Exercise instructions: Retype all of the data that follows, line for line.

Study material:

lemma has_derivative_eta_ell:
  "(eta_ell c has_derivative
     (\<lambda>h. vector [2*x$1*h$1 - 2*x$2*h$2, -2*x$2*h$1 + (4*c - 2*x$1)*h$2])) (at x)"
  unfolding eta_ell_def[abs_def] vector2_as_axes
  by (rule derivative_eq_intros has_derivative_vec_nth refl | simp)+ (auto simp: algebra_simps)

lemma has_derivative_eta_hyp:
  "(eta_hyp c has_derivative (\<lambda>h. vector [2*x$1*h$1 + 2*c*h$2, 2*c*h$1 + 2*x$2*h$2])) (at x)"
  unfolding eta_hyp_def[abs_def] vector2_as_axes
  by (rule derivative_eq_intros has_derivative_vec_nth refl | simp)+ (auto simp: algebra_simps)

lemma jacdet_eta_ell: "jacdet (eta_ell c) x = -4*(x$1)^2 + 8*c*x$1 - 4*(x$2)^2"
  unfolding jacdet_def frechet_derivative_at[OF has_derivative_eta_ell, symmetric]
  by (simp add: det_2 matrix_def axis_def power2_eq_square algebra_simps)

lemma jacdet_eta_hyp: "jacdet (eta_hyp c) x = 4*(x$1*x$2 - c^2)"
  unfolding jacdet_def frechet_derivative_at[OF has_derivative_eta_hyp, symmetric]
  by (simp add: det_2 matrix_def axis_def power2_eq_square algebra_simps)

lemma eta_ell_eq_iff:
  "eta_ell c x = y \<longleftrightarrow> (x$1)^2 - (x$2)^2 = y$1 \<and> -2*x$1*x$2 + 4*c*x$2 = y$2"
  by (auto simp: eta_ell_def vec_eq_iff forall_2)

lemma eta_hyp_eq_iff:
  "eta_hyp c x = y \<longleftrightarrow> (x$1)^2 + 2*c*x$2 = y$1 \<and> (x$2)^2 + 2*c*x$1 = y$2"
  by (auto simp: eta_hyp_def vec_eq_iff forall_2)

text \<open>Elliptic umbilic: eliminating x2 shows that the first coordinate of every image is a root
  of a quartic, whose derivative there is the Jacobian times c - x1/2.\<close>
lemma eta_ell_preimage_quartic:
  assumes "eta_ell c x = y"
  shows "quartic (-4*c) (4*c^2 - y$1) (4*c*y$1) (-4*c^2*y$1 - (y$2)^2/4) (x$1) = 0"
proof -
  have y: "y$1 = (x$1)^2 - (x$2)^2" "y$2 = -2*x$1*x$2 + 4*c*x$2"
    using assms by (auto simp: eta_ell_eq_iff)
  show ?thesis unfolding y
    by (simp add: quartic_def field_simps power2_eq_square power3_eq_cube power4_eq_xxxx)
qed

Output:
lemma has_derivative_eta_ell:
  "(eta_ell c has_derivative
     (\<lambda>h. vector [2*x$1*h$1 - 2*x$2*h$2, -2*x$2*h$1 + (4*c - 2*x$1)*h$2])) (at x)"
  unfolding eta_ell_def[abs_def] vector2_as_axes
  by (rule derivative_eq_intros has_derivative_vec_nth refl | simp)+ (auto simp: algebra_simps)

lemma has_derivative_eta_hyp:
  "(eta_hyp c has_derivative (\<lambda>h. vector [2*x$1*h$1 + 2*c*h$2, 2*c*h$1 + 2*x$2*h$2])) (at x)"
  unfolding eta_hyp_def[abs_def] vector2_as_axes
  by (rule derivative_eq_intros has_derivative_vec_nth refl | simp)+ (auto simp: algebra_simps)

lemma jacdet_eta_ell: "jacdet (eta_ell c) x = -4*(x$1)^2 + 8*c*x$1 - 4*(x$2)^2"
  unfolding jacdet_def frechet_derivative_at[OF has_derivative_eta_ell, symmetric]
  by (simp add: det_2 matrix_def axis_def power2_eq_square algebra_simps)

lemma jacdet_eta_hyp: "jacdet (eta_hyp c) x = 4*(x$1*x$2 - c^2)"
  unfolding jacdet_def frechet_derivative_at[OF has_derivative_eta_hyp, symmetric]
  by (simp add: det_2 matrix_def axis_def power2_eq_square algebra_simps)

lemma eta_ell_eq_iff:
  "eta_ell c x = y \<longleftrightarrow> (x$1)^2 - (x$2)^2 = y$1 \<and> -2*x$1*x$2 + 4*c*x$2 = y$2"
  by (auto simp: eta_ell_def vec_eq_iff forall_2)

lemma eta_hyp_eq_iff:
  "eta_hyp c x = y \<longleftrightarrow> (x$1)^2 + 2*c*x$2 = y$1 \<and> (x$2)^2 + 2*c*x$1 = y$2"
  by (auto simp: eta_hyp_def vec_eq_iff forall_2)

text \<open>Elliptic umbilic: eliminating x2 shows that the first coordinate of every image is a root
  of a quartic, whose derivative there is the Jacobian times c - x1/2.\<close>
lemma eta_ell_preimage_quartic:
  assumes "eta_ell c x = y"
  shows "quartic (-4*c) (4*c^2 - y$1) (4*c*y$1) (-4*c^2*y$1 - (y$2)^2/4) (x$1) = 0"
proof -
  have y: "y$1 = (x$1)^2 - (x$2)^2" "y$2 = -2*x$1*x$2 + 4*c*x$2"
    using assms by (auto simp: eta_ell_eq_iff)
  show ?thesis unfolding y
    by (simp add: quartic_def field_simps power2_eq_square power3_eq_cube power4_eq_xxxx)
qed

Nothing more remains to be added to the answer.